AFRICAN PECULIARITIES: Why Africans are ‘not’ Good Readers

Photo credit: Janko Ferlic- Unspash


Times have changed. I might not have the true statistics but I believe over sixty percent of the youth today cannot construct a full sentence in their mother tongue. The very same thing can be said about Swahili, with English being the most common language spoken today. While many people are taking their time to paint this as a crisis, they do not pause to see that they are flogging a dead horse. Time is too far removed, and we are moving from a Luo and a Maasai man to more of a Kenyan, an African, and an International citizen. Even amongst those who speak their mother tongue, how many adhere a hundred percent to their society’s cultural norms? How many of them can call themselves a pure Luhya or a pure Kikuyu? Boys are turning into men in hospitals, the pain of manhood being blurred by injections, and they are fed with bland and tasteless knowledge that has no practical or moral grounds in our current society. Men and women are intermarrying, not only within but also outside the country. A few years ago, this was unfathomable. Now, to Literature.
Revered names in Kenyan Literature include; Grace Ogot, Meja Mwangi, Ngugi wa Thiong’o, Stanely Gazemba and many more. When we analyze their works, we realize that they are mostly fore-grounded in culture, tradition, colonialism and its effects, and a host of other topics deeply shrouded in the seventies. We forget that the current tribe in the country is made up of Englishmen and Frenchmen with Black Skin and in French and English colonies of Africa. It is not that my countrymen do not read.

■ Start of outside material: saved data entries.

lemma covering_finitely_forced:
  fixes B :: "(real \<times> real) set set"
  assumes "\<omega> \<subseteq> MS_dom" "uncovered \<omega> = {}" "topological_basis B"
  obtains \<U> where "finite \<U>" "\<U> \<subseteq> B" "\<forall>U\<in>\<U>. U \<inter> \<omega> \<noteq> {}" "forces_covering \<U>"
proof -
  have "\<exists>U C. U \<in> B \<and> U \<inter> \<omega> \<noteq> {} \<and> open C \<and> t \<in> C \<and> U \<times> C \<subseteq> arc_region" for t :: real
  proof -
    have "frac t \<in> covered \<omega>" using assms(2) frac_lt_1[of t] unfolding uncovered_def by auto
    then obtain q where q: "q \<in> \<omega>" "frac t \<in> Pi_arc (fst q) (snd q)"
      unfolding covered_def by fastforce
    moreover have "0 \<le> fst q" "fst q < 1" using q(1) assms(1) by (auto simp: MS_dom_def)
    ultimately have "(q, frac t) \<in> arc_region"
      using Pi_arc_iff_arc_region[of "fst q" "frac t" "snd q"] by (simp add: frac_lt_1)
    then have "(q, t) \<in> arc_region"
      using arc_region_shift[of q "frac t" "\<lfloor>t\<rfloor>"] by (simp add: frac_def)
    then obtain A C where AC: "open A" "open C" "(q, t) \<in> A \<times> C" "A \<times> C \<subseteq> arc_region"
      by (rule open_prod_elim[OF open_arc_region])
    then obtain U where U: "U \<in> B" "q \<in> U" "U \<subseteq> A"
      using topological_basisE[OF assms(3)] by blast
    have "U \<times> C \<subseteq> arc_region" using U(3) AC(4) by blast
    moreover have "U \<inter> \<omega> \<noteq> {}" using U(2) q(1) by blast
    ultimately show ?thesis using U(1) AC by blast
  qed
  then obtain U where "\<And>t. \<exists>C. U t \<in> B \<and> U t \<inter> \<omega> \<noteq> {} \<and> open C \<and> t \<in> C \<and> U t \<times> C \<subseteq> arc_region"
    by metis
  then obtain C where UC: "\<And>t. U t \<in> B \<and> U t \<inter> \<omega> \<noteq> {} \<and> open (C t) \<and> t \<in> C t \<and> U t \<times> C t \<subseteq> arc_region"
    by metis
  then have "{0..1} \<subseteq> (\<Union>t\<in>UNIV. C t)" by blast
  then obtain T where T: "finite T" "{0..1} \<subseteq> (\<Union>t\<in>T. C t)"
    using compactE_image[OF compact_Icc, where f=C] UC by metis
  show thesis
  proof
    show "finite (U ` T)" "U ` T \<subseteq> B" "\<forall>V\<in>U ` T. V \<inter> \<omega> \<noteq> {}" using T(1) UC by auto
    show "forces_covering (U ` T)" unfolding forces_covering_def
    proof (intro allI impI)
      fix \<omega>' assume \<omega>': "\<omega>' \<subseteq> MS_dom" "\<forall>V\<in>U ` T. V \<inter> \<omega>' \<noteq> {}"
      have "s \<in> covered \<omega>'" if s: "s \<in> {0..<1}" for s
      proof -
        obtain t where "t \<in> T" "s \<in> C t" using s T(2) by force
        moreover obtain q where q: "q \<in> U t" "q \<in> \<omega>'" using \<omega>'(2) \<open>t \<in> T\<close> by blast
        ultimately have "(q, s) \<in> arc_region" using UC[of t] by blast
        moreover have "0 \<le> fst q" "fst q < 1" using q(2) \<omega>'(1) by (auto simp: MS_dom_def)
        ultimately have "s \<in> Pi_arc (fst q) (snd q)" using Pi_arc_iff_arc_region s by auto
        with q(2) show ?thesis unfolding covered_def by force
      qed
      then show "uncovered \<omega>' = {}" unfolding uncovered_def by auto
    qed
  qed
qed

lemma uncovered_antimono: "\<omega>' \<subseteq> \<omega> \<Longrightarrow> uncovered \<omega> \<subseteq> uncovered \<omega>'"
  unfolding uncovered_def covered_def by blast

lemma truncate_subset: "truncate \<omega> z \<subseteq> \<omega>"
  unfolding truncate_def by blast

lemma truncation_covering:
  assumes "\<omega> \<subseteq> MS_dom" "uncovered \<omega> = {}"
  obtains n :: nat where "n \<ge> 1" "uncovered (truncate \<omega> (1 / real n)) = {}"
proof -
  obtain \<U> where \<U>: "finite \<U>" "\<U> \<subseteq> {A. open A}" "\<forall>U\<in>\<U>. U \<inter> \<omega> \<noteq> {}" "forces_covering \<U>"
    by (rule covering_finitely_forced[OF assms topological_basis_trivial])
  then have "\<forall>U\<in>\<U>. \<exists>q. q \<in> U \<inter> \<omega>" by blast
  then have "\<exists>p. \<forall>U\<in>\<U>. p U \<in> U \<inter> \<omega>" by (rule bchoice)
  then obtain p where p: "\<And>U. U \<in> \<U> \<Longrightarrow> p U \<in> U \<inter> \<omega>" by blast
  \<comment> \<open>the extra element 1 keeps the minimum meaningful when \<U> is empty\<close>
  define \<delta> where "\<delta> = Min (insert 1 (snd ` p ` \<U>))"
  have "snd (p U) > 0" if "U \<in> \<U>" for U
    using p[OF that] assms(1) by (auto simp: MS_dom_def)
  then have "\<delta> > 0" unfolding \<delta>_def using \<U>(1) by simp
  then obtain n :: nat where n: "n > 0" "1 / real n < \<delta>"
    using ex_inverse_of_nat_less by (auto simp: inverse_eq_divide)
  have "U \<inter> truncate \<omega> (1 / real n) \<noteq> {}" if U: "U \<in> \<U>" for U
  proof -
    have "\<delta> \<le> snd (p U)" unfolding \<delta>_def using \<U>(1) U by (intro Min_le) auto
    with n(2) p[OF U] have "p U \<in> U \<inter> truncate \<omega> (1 / real n)"
      unfolding truncate_def by simp
    then show ?thesis by blast
  qed
  moreover have "truncate \<omega> (1 / real n) \<subseteq> MS_dom" using assms(1) truncate_subset by blast
  ultimately have "uncovered (truncate \<omega> (1 / real n)) = {}"
    using \<U>(4) unfolding forces_covering_def by blast
  with n(1) show thesis by (intro that[of n]) auto
qed

lemma uncovered_truncations_iff:
  assumes "\<omega> \<subseteq> MS_dom"
  shows "(\<forall>n::nat\<ge>1. uncovered (truncate \<omega> (1 / real n)) \<noteq> {}) \<longleftrightarrow> uncovered \<omega> \<noteq> {}"
proof
  assume truncations: "\<forall>n::nat\<ge>1. uncovered (truncate \<omega> (1 / real n)) \<noteq> {}"
  show "uncovered \<omega> \<noteq> {}"
  proof
    assume "uncovered \<omega> = {}"
    then obtain n :: nat where "n \<ge> 1" "uncovered (truncate \<omega> (1 / real n)) = {}"
      by (rule truncation_covering[OF assms])
    with truncations show False by blast
  qed
next
  assume "uncovered \<omega> \<noteq> {}"
  then show "\<forall>n::nat\<ge>1. uncovered (truncate \<omega> (1 / real n)) \<noteq> {}"
    using uncovered_antimono[OF truncate_subset] by blast
qed

lemma pcount_eq_0_iff: "pcount A \<omega> = 0 \<longleftrightarrow> \<omega> \<inter> A = {}"
  unfolding pcount_def by (auto simp: zero_enat_def)

lemma sets_Collect_hits:
  assumes "pcount A \<in> M \<rightarrow>\<^sub>M count_space UNIV"
  shows "{\<omega>\<in>space M. A \<inter> \<omega> \<noteq> {}} \<in> sets M"
proof -
  have "{\<omega>\<in>space M. A \<inter> \<omega> \<noteq> {}} = pcount A -` (UNIV - {0}) \<inter> space M"
    by (auto simp: pcount_eq_0_iff Int_commute)
  then show ?thesis using measurable_sets[OF assms] by simp
qed

lemma sets_Collect_uncovered_nonempty:
  assumes "\<And>\<omega>. \<omega> \<in> space M \<Longrightarrow> \<omega> \<subseteq> MS_dom"
    and "\<And>A. A \<in> sets borel \<Longrightarrow> pcount A \<in> M \<rightarrow>\<^sub>M count_space UNIV"
  shows "{\<omega>\<in>space M. uncovered \<omega> \<noteq> {}} \<in> sets M"
proof -
  obtain B :: "(real \<times> real) set set" where B: "countable B" "topological_basis B"
    using ex_countable_basis by blast
  define \<F> where "\<F> = {\<U>. finite \<U> \<and> \<U> \<subseteq> B \<and> forces_covering \<U>}"
  have "{\<omega>\<in>space M. uncovered \<omega> = {}} = (\<Union>\<U>\<in>\<F>. {\<omega>\<in>space M. \<forall>U\<in>\<U>. U \<inter> \<omega> \<noteq> {}})"
  proof (intro equalityI subsetI)
    fix \<omega> assume \<omega>: "\<omega> \<in> {\<omega>\<in>space M. uncovered \<omega> = {}}"
    then have "\<omega> \<subseteq> MS_dom" "uncovered \<omega> = {}" using assms(1) by auto
    then obtain \<U> where "finite \<U>" "\<U> \<subseteq> B" "\<forall>U\<in>\<U>. U \<inter> \<omega> \<noteq> {}" "forces_covering \<U>"
      using B(2) by (rule covering_finitely_forced)
    with \<omega> show "\<omega> \<in> (\<Union>\<U>\<in>\<F>. {\<omega>\<in>space M. \<forall>U\<in>\<U>. U \<inter> \<omega> \<noteq> {}})"
      unfolding \<F>_def by blast
  next
    fix \<omega> assume "\<omega> \<in> (\<Union>\<U>\<in>\<F>. {\<omega>\<in>space M. \<forall>U\<in>\<U>. U \<inter> \<omega> \<noteq> {}})"
    then show "\<omega> \<in> {\<omega>\<in>space M. uncovered \<omega> = {}}"
      using assms(1) unfolding \<F>_def forces_covering_def by blast
  qed
  also have "\<dots> \<in> sets M"
  proof (rule sets.countable_UN'')
    show "countable \<F>"
      using countable_Collect_finite_subset[OF B(1)] by (rule countable_subset[rotated]) (auto simp: \<F>_def)
    fix \<U> assume "\<U> \<in> \<F>"
    then have "finite \<U>" "\<And>U. U \<in> \<U> \<Longrightarrow> U \<in> sets borel"
      using topological_basis_open[OF B(2)] unfolding \<F>_def by auto
    then show "{\<omega>\<in>space M. \<forall>U\<in>\<U>. U \<inter> \<omega> \<noteq> {}} \<in> sets M"
      by (intro sets.sets_Collect_finite_All sets_Collect_hits assms(2))
  qed
  finally have "space M - {\<omega>\<in>space M. uncovered \<omega> = {}} \<in> sets M"
    by (rule sets.compl_sets)
  moreover have "space M - {\<omega>\<in>space M. uncovered \<omega> = {}} = {\<omega>\<in>space M. uncovered \<omega> \<noteq> {}}" by blast
  ultimately show ?thesis by simp
qed

theorem mainTheorem14:
  fixes \<alpha> :: real and M :: "(real \<times> real) set measure"
  assumes "\<alpha> > 0" and "MS_PPP \<alpha> M"
  shows "{\<omega>\<in>space M. uncovered \<omega> \<noteq> {}} \<in> sets M \<and>
         {\<omega>\<in>space M. \<forall>n::nat\<ge>1. uncovered (truncate \<omega> (1 / real n)) \<noteq> {}} \<in> sets M \<and>
         measure M {\<omega>\<in>space M. uncovered \<omega> \<noteq> {}} =
         measure M {\<omega>\<in>space M. \<forall>n::nat\<ge>1. uncovered (truncate \<omega> (1 / real n)) \<noteq> {}}"
proof -
  note PPP = assms(2)[unfolded MS_PPP_def]
  have dom: "\<And>\<omega>. \<omega> \<in> space M \<Longrightarrow> \<omega> \<subseteq> MS_dom"
    using PPP[THEN conjunct2, THEN conjunct1] by blast
  have counts: "\<And>A. A \<in> sets borel \<Longrightarrow> pcount A \<in> M \<rightarrow>\<^sub>M count_space UNIV"
    using PPP[THEN conjunct2, THEN conjunct2, THEN conjunct1] by blast
  have "{\<omega>\<in>space M. \<forall>n::nat\<ge>1. uncovered (truncate \<omega> (1 / real n)) \<noteq> {}} =
        {\<omega>\<in>space M. uncovered \<omega> \<noteq> {}}"
    using uncovered_truncations_iff[OF dom] by blast
  with sets_Collect_uncovered_nonempty[OF dom counts] show ?thesis by simp
qed

end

They voraciously consume books written by American and British authors because these books are fluid and relatable. They are not too far removed from the earth we are living in right now. While some of the authors in the country are still trapped in the days of the struggle for liberation, the current readership have had enough of the nostalgia and want to focus on things they can relate with.
Literature is not dogma written in stone. It should be like water, taking whatever shape the bottle comes with. It will not be watering down literature to portray what is happening in the current world, but many of the so-called traditional authors are stuck with ancestral writing ideas and themes, which they try to shove down the reader’s throats. These might be working in the halls of knowledge that they lock themselves to, but if you want a book to be read, then use Literature as a mirror of the society, not as some sort of parlance limited to esoteric bald heads. Talk about issues that people can relate with today if you want them to read you. Talk about Contemporary Christianity, Unemployment, Abortion, LGBTQ rights, the Middle Class and many more. Do not lock yourself to the middle ages and still go about complaining that Africans do not read. Stop being rigid. Do your homework and write for your audience, and then see if they will not read. You are the one with the gift, but if you choose to bury yourself in the cocoons of tradition and the dictates set by men and women who wrote for arcane purposes and for crowds of literary hoarders and paupers, then be ready to read your book with your wife and children. The world has changed. Find it in your heart to take a step ahead too. Gone are the days of the many authors who once ruled these streets. The world is opening up to new authors with new ideas, and Africa is hungrily waiting for them.